Ich würde mich sehr freuen, wenn wir auch dieses Problem lösen könnten


----------



## Marcinek (28. Okt 2012)

Dein User hat keinen externen Zugriff auf die MYSQL DB.

Oder Username und Passwort sind falsch. Google mal die Fehlermeldung.


----------



## MR_UNIX (28. Okt 2012)

MR_UNIX hat gesagt.:


> Der MySQL-Server ist extern aber auch so eingerichtet, dass externe Zugriffe auf die entsprechende DB erlaubt werden.





MR_UNIX hat gesagt.:


> Wobei auch hier der erste Eindruck täuscht. Ich greife NICHT mit falschem User oder Passwort auf den Server zu sondern die MySQL-Klasse führt anscheinend einen Fallback auf den eigenen Rechner durch. Die IP, auf die er sich oben verbinden möchte ist die, die mir Wie ist meine IP-Adresse? für meinen lokalen Rechner ausgibt. Er löst also die übergebene URL "mrpixeldream.de" falsch oder gar nicht auf.



Bitte komplett lesen! Der externe Zugriff ist vorhanden UND auch die Zugangsdaten sind korrekt! Es geht um die IP!


----------



## Marcinek (28. Okt 2012)

MR_UNIX hat gesagt.:


> Bitte komplett lesen! Der externe Zugriff ist vorhanden UND auch die Zugangsdaten sind korrekt! Es geht um die IP!
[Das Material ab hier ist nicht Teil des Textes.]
lemma symmetric_cell_not_completed:
  assumes "mirror_symmetric M" "fixed_edges_marked M" "legal_move E M r"
    and "\<sigma> ` c = c" "arrow_edge r \<in> bedges E emb c"
  shows "\<not> cycle_cell V E emb (insert r M) c"
proof
  assume "cycle_cell V E emb (insert r M) c"
  moreover have "\<sigma> ` arrow_edge r \<in> bedges E emb c"
    using reflect_bedges_iff[of "arrow_edge r" c] assms(4,5) by simp
  ultimately have "marked (insert r M) (\<sigma> ` arrow_edge r)" by (simp add: cycle_cell_def)
  then consider "\<sigma> ` arrow_edge r = arrow_edge r" | "marked M (\<sigma> ` arrow_edge r)"
    by (auto simp: marked_insert)
  then have "marked M (arrow_edge r)"
    using assms(1,2) marked_mirror_iff[of M "arrow_edge r"] assms(3)
    by cases (auto simp: mirror_symmetric_def fixed_edges_marked_def legal_move_def)
  then show False using assms(3) by (simp add: legal_move_def)
qed

text \<open>A move closing a cycle cell c after the reply q must use the edge of q, or it would have
  closed c before q.  Then c is not symmetric, the edge of q is not on the boundary of the mirror
  image of c, and the mirror of the move would already have closed that mirror image before q.\<close>
lemma no_winning_move_after_reply:
  assumes sym: "mirror_symmetric (insert q M)" and fixed: "fixed_edges_marked (insert q M)"
    and no_win: "\<not> has_winning_move M" and no_cycle: "\<not> has_cycle_cell V E emb (insert q M)"
  shows "\<not> has_winning_move (insert q M)"
proof
  assume "has_winning_move (insert q M)"
  then obtain r c where r: "legal_move E (insert q M) r"
    and cycle: "cycle_cell V E emb (insert r (insert q M)) c"
    by (auto simp: has_winning_move_def has_cycle_cell_def)
  have "legal_move E M r" using legal_move_antimono[OF r] by blast
  have r_c: "arrow_edge r \<in> bedges E emb c"
  proof (rule ccontr)
    assume "arrow_edge r \<notin> bedges E emb c"
    then have "cycle_cell V E emb (insert q M) c" by (intro cycle_cell_cong[OF _ cycle]) auto
    then show False using no_cycle by (auto simp: has_cycle_cell_def)
  qed
  have q_c: "arrow_edge q \<in> bedges E emb c"
  proof (rule ccontr)
    assume "arrow_edge q \<notin> bedges E emb c"
    then have "cycle_cell V E emb (insert r M) c" by (intro cycle_cell_cong[OF _ cycle]) auto
    then show False using no_win \<open>legal_move E M r\<close>
      unfolding has_winning_move_def has_cycle_cell_def by blast
  qed
  have "\<sigma> ` c \<noteq> c" using symmetric_cell_not_completed[OF sym fixed r _ r_c] cycle by blast
  then have q_mirror_c: "arrow_edge q \<notin> bedges E emb (\<sigma> ` c)"
    using bedges_mirror_cell_disjoint[of c] q_c cycle by (auto simp: cycle_cell_def)
  have "mirror ` insert r (insert q M) = insert (mirror r) (insert q M)"
    using sym by (simp add: mirror_symmetric_def)
  then have "cycle_cell V E emb (insert (mirror r) (insert q M)) (\<sigma> ` c)"
    using cycle_cell_mirror[OF cycle] by simp
  then have "cycle_cell V E emb (insert (mirror r) M) (\<sigma> ` c)"
    by (rule cycle_cell_cong[rotated]) (use q_mirror_c in auto)
  moreover have "legal_move E M (mirror r)"
    using legal_move_mirror[OF r] sym unfolding mirror_symmetric_def
    by (auto intro: legal_move_antimono)
  ultimately show False using no_win unfolding has_winning_move_def has_cycle_cell_def by blast
qed

lemma mirror_reply_legal:
  assumes "mirror_symmetric M" "fixed_edges_marked M" and p: "legal_move E M p"
  shows "legal_move E (insert p M) (mirror p)"
proof -
  obtain u v where uv: "p = (u, v)" by fastforce
  have "\<sigma> ` {u, v} \<noteq> {u, v}"
    using assms p by (auto simp: fixed_edges_marked_def legal_move_def uv)
  then have "{\<sigma> v, \<sigma> u} \<noteq> {u, v}" "u \<noteq> \<sigma> v" "v \<noteq> \<sigma> u"
    by (auto simp: insert_commute)
  moreover have "legal_move E M (mirror p)"
    using legal_move_mirror[OF p] assms(1) by (simp add: mirror_symmetric_def)
  ultimately show ?thesis using p by (intro legal_move_insert) (auto simp: uv)
qed

text \<open>Every move is answered by a move closing a cycle cell if there is one, and otherwise by
  its mirror reply, which restores the three hypotheses.\<close>
lemma mirror_strategy:
  assumes "mirror_symmetric M" "fixed_edges_marked M" "\<not> has_winning_move M"
  shows "loses V E emb M"
  using assms
proof (induction "card {e \<in> E. \<not> marked M e}" arbitrary: M rule: less_induct)
  case less
  show ?case
  proof (rule lose)
    fix p assume p: "legal_move E M p"
    let ?N = "insert (mirror p) (insert p M)"
    have reply: "legal_move E (insert p M) (mirror p)"
      using mirror_reply_legal[OF less.prems(1,2) p] .
    have "wins V E emb (insert p M)"
    proof (cases "has_winning_move (insert p M) \<or> has_cycle_cell V E emb ?N")
      case True
      then show ?thesis
        using win_cycle[of E "insert p M" _ V emb] reply unfolding has_winning_move_def by blast
    next
      case False
      have sym: "mirror_symmetric ?N" using mirror_symmetric_insert_reply[OF less.prems(1)] .
      have fixed: "fixed_edges_marked ?N" by (rule fixed_edges_marked_mono[OF less.prems(2)]) auto
      have fewer: "card {e \<in> E. \<not> marked ?N e} < card {e \<in> E. \<not> marked M e}"
        using card_unmarked_edges_less[OF p] by blast
      have "\<not> has_winning_move ?N"
        using no_winning_move_after_reply[OF sym fixed] False by blast
      then have "loses V E emb ?N" by (rule less.hyps[OF fewer sym fixed])
      then show ?thesis by (rule win_move[OF reply])
    qed
    moreover have "\<not> has_cycle_cell V E emb (insert p M)"
      using less.prems(3) p unfolding has_winning_move_def by blast
    ultimately show "\<not> has_cycle_cell V E emb (insert p M) \<and> wins V E emb (insert p M)" by blast
  qed
qed

lemma unique_crossing_edge:
  assumes "{e \<in> E. crosses_axis a w e} = {f}"
  obtains u where "f = {u, \<sigma> u}" "{u, \<sigma> u} \<in> E"
proof -
  have "f \<in> {e \<in> E. crosses_axis a w e}" using assms by simp
  then have "f \<in> E" "crosses_axis a w f" by simp_all
  have unique: "e = f" if "e \<in> E" "crosses_axis a w e" for e
  proof -
    have "e \<in> {e \<in> E. crosses_axis a w e}" using that by simp
    then show ?thesis using assms by simp
  qed
  obtain u v where f: "f = {u, v}" and u: "side a w u < 0" and v: "side a w v > 0"
    using \<open>crosses_axis a w f\<close> unfolding crosses_axis_def by blast
  have "side a w (\<sigma> v) < 0" "side a w (\<sigma> u) > 0"
    using u v by (simp_all add: side_reflect[OF axis_direction])
  moreover have "\<sigma> ` f = {\<sigma> v, \<sigma> u}" by (auto simp: f)
  ultimately have "crosses_axis a w (\<sigma> ` f)" unfolding crosses_axis_def by blast
  moreover have "\<sigma> ` f \<in> E" using \<open>f \<in> E\<close> by simp
  ultimately have "\<sigma> ` f = f" using unique by blast
  then have "\<sigma> u \<in> {u, v}" using f by blast
  moreover have "\<sigma> u \<noteq> u" using u reflect_eq_self_iff[OF axis_direction, of a u] by auto
  ultimately have "f = {u, \<sigma> u}" using f by auto
  then show ?thesis using that \<open>f \<in> E\<close> by blast
qed

lemma crossing_opening_legal:
  assumes e: "{u, \<sigma> u} \<in> E" and "card V \<noteq> 2"
  shows "legal_move E {} (u, \<sigma> u)"
proof -
  have "\<exists>x. {u, x} \<in> E \<and> x \<noteq> \<sigma> u"
  proof (rule ccontr)
    assume "\<not> ?thesis"
    then have only_u: "y = \<sigma> u" if "{u, y} \<in> E" for y using that by blast
    moreover have "y = u" if "{\<sigma> u, y} \<in> E" for y
      using only_u[of "\<sigma> y"] that reflect_doubleton_edge_iff[of "\<sigma> u" y]
      by (metis reflect_involutive)
    ultimately have "V = {u, \<sigma> u}" using single_edge_board[OF e] by blast
    then show False using assms edge_distinct[OF e] by simp
  qed
  then obtain x where x: "{u, x} \<in> E" "x \<noteq> \<sigma> u" by blast
  have "\<sigma> x \<noteq> u" using x(2) by auto
  have "\<not> is_source E {(u, \<sigma> u)} u" using x by (auto simp: is_source_def)
  moreover have "\<not> is_sink E {(u, \<sigma> u)} (\<sigma> u)"
    using x(1) \<open>\<sigma> x \<noteq> u\<close> reflect_doubleton_edge_iff[of u x] unfolding is_sink_def by blast
  moreover have "\<not> is_sink E {(u, \<sigma> u)} u" "\<not> is_source E {(u, \<sigma> u)} (\<sigma> u)"
    using e edge_distinct[OF e] by (auto simp: is_sink_def is_source_def insert_commute)
  ultimately show ?thesis using e by (simp add: legal_move_def marked_def)
qed

end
Nein hat er nicht. Zumindest nicht von beliebigen Host.

Schau mal in die MySQL-DB und zeig mal die Einträge des Users.


----------



## MR_UNIX (28. Okt 2012)

Doch. Hat er. Es geht um die IP!


----------



## Marcinek (28. Okt 2012)

OK, mach wie du willst


----------



## MR_UNIX (28. Okt 2012)

Ja lies doch bitte den Post bis zum Ende. Die Daten sind richtig und auch der externe Zugriff von jedem Host erlaubt.
Habe extra nochmal den Support angeschrieben!


----------



## gman (28. Okt 2012)

> Access denied for user 'carpetsql9'@'95.119.57.234'



Ich denke das ist so richtig, weil es ja bedeutet: "User 'carpetsql9' vom Rechner '95.119.57.234'".

Versuch doch vielleicht mal dich mit einem anderen Client eine Verbindung zur DB
aufzubauen (MySQL-Kommandozeile, SQL-Developer, Eclipse, Netbeans, ...).


----------



## MR_UNIX (28. Okt 2012)

Hab ich. Wie gesagt, er versucht wohl ein Fallback auf den lokalen Rechner, obwohl der Server erreichbar ist.
Über Kommandozeile geht alles ^^


----------



## Marcinek (28. Okt 2012)

1) So einen Fallback gibt es nicht.

2) Wenn du nicht die entsprechenden Ports FF hast im Router würde eine connection refuse passieren und nicht sowas.

==> Der User hat keinen Zugriff von extern.


----------



## gman (28. Okt 2012)

> er versucht wohl ein Fallback auf den lokalen Rechner



Nochmal: "User 'carpetsql9' *vom* Rechner '95.119.57.234'"

Er verbindet sich nicht mit der IP, er zeigt die IP von dem Rechner an der versucht
sich zu verbinden.



> Über Kommandozeile geht alles



Wenn du die Kommandozeile auf deinem lokalen Rechner nutzt funktioniert es?


----------



## MR_UNIX (28. Okt 2012)

Ja. Und wie gesagt: die IP, welche er nutzen will ist meine lokale, obwohl ich als Verbindungs-Ziel "mrpixeldream.de" angegeben habe, was auf einer anderen IP (176.9.37.48) läuft.
Das ist ja das, was ich nicht verstehe! Er versucht, eine Verbindung zu meinem lokalen Rechner herzustellen.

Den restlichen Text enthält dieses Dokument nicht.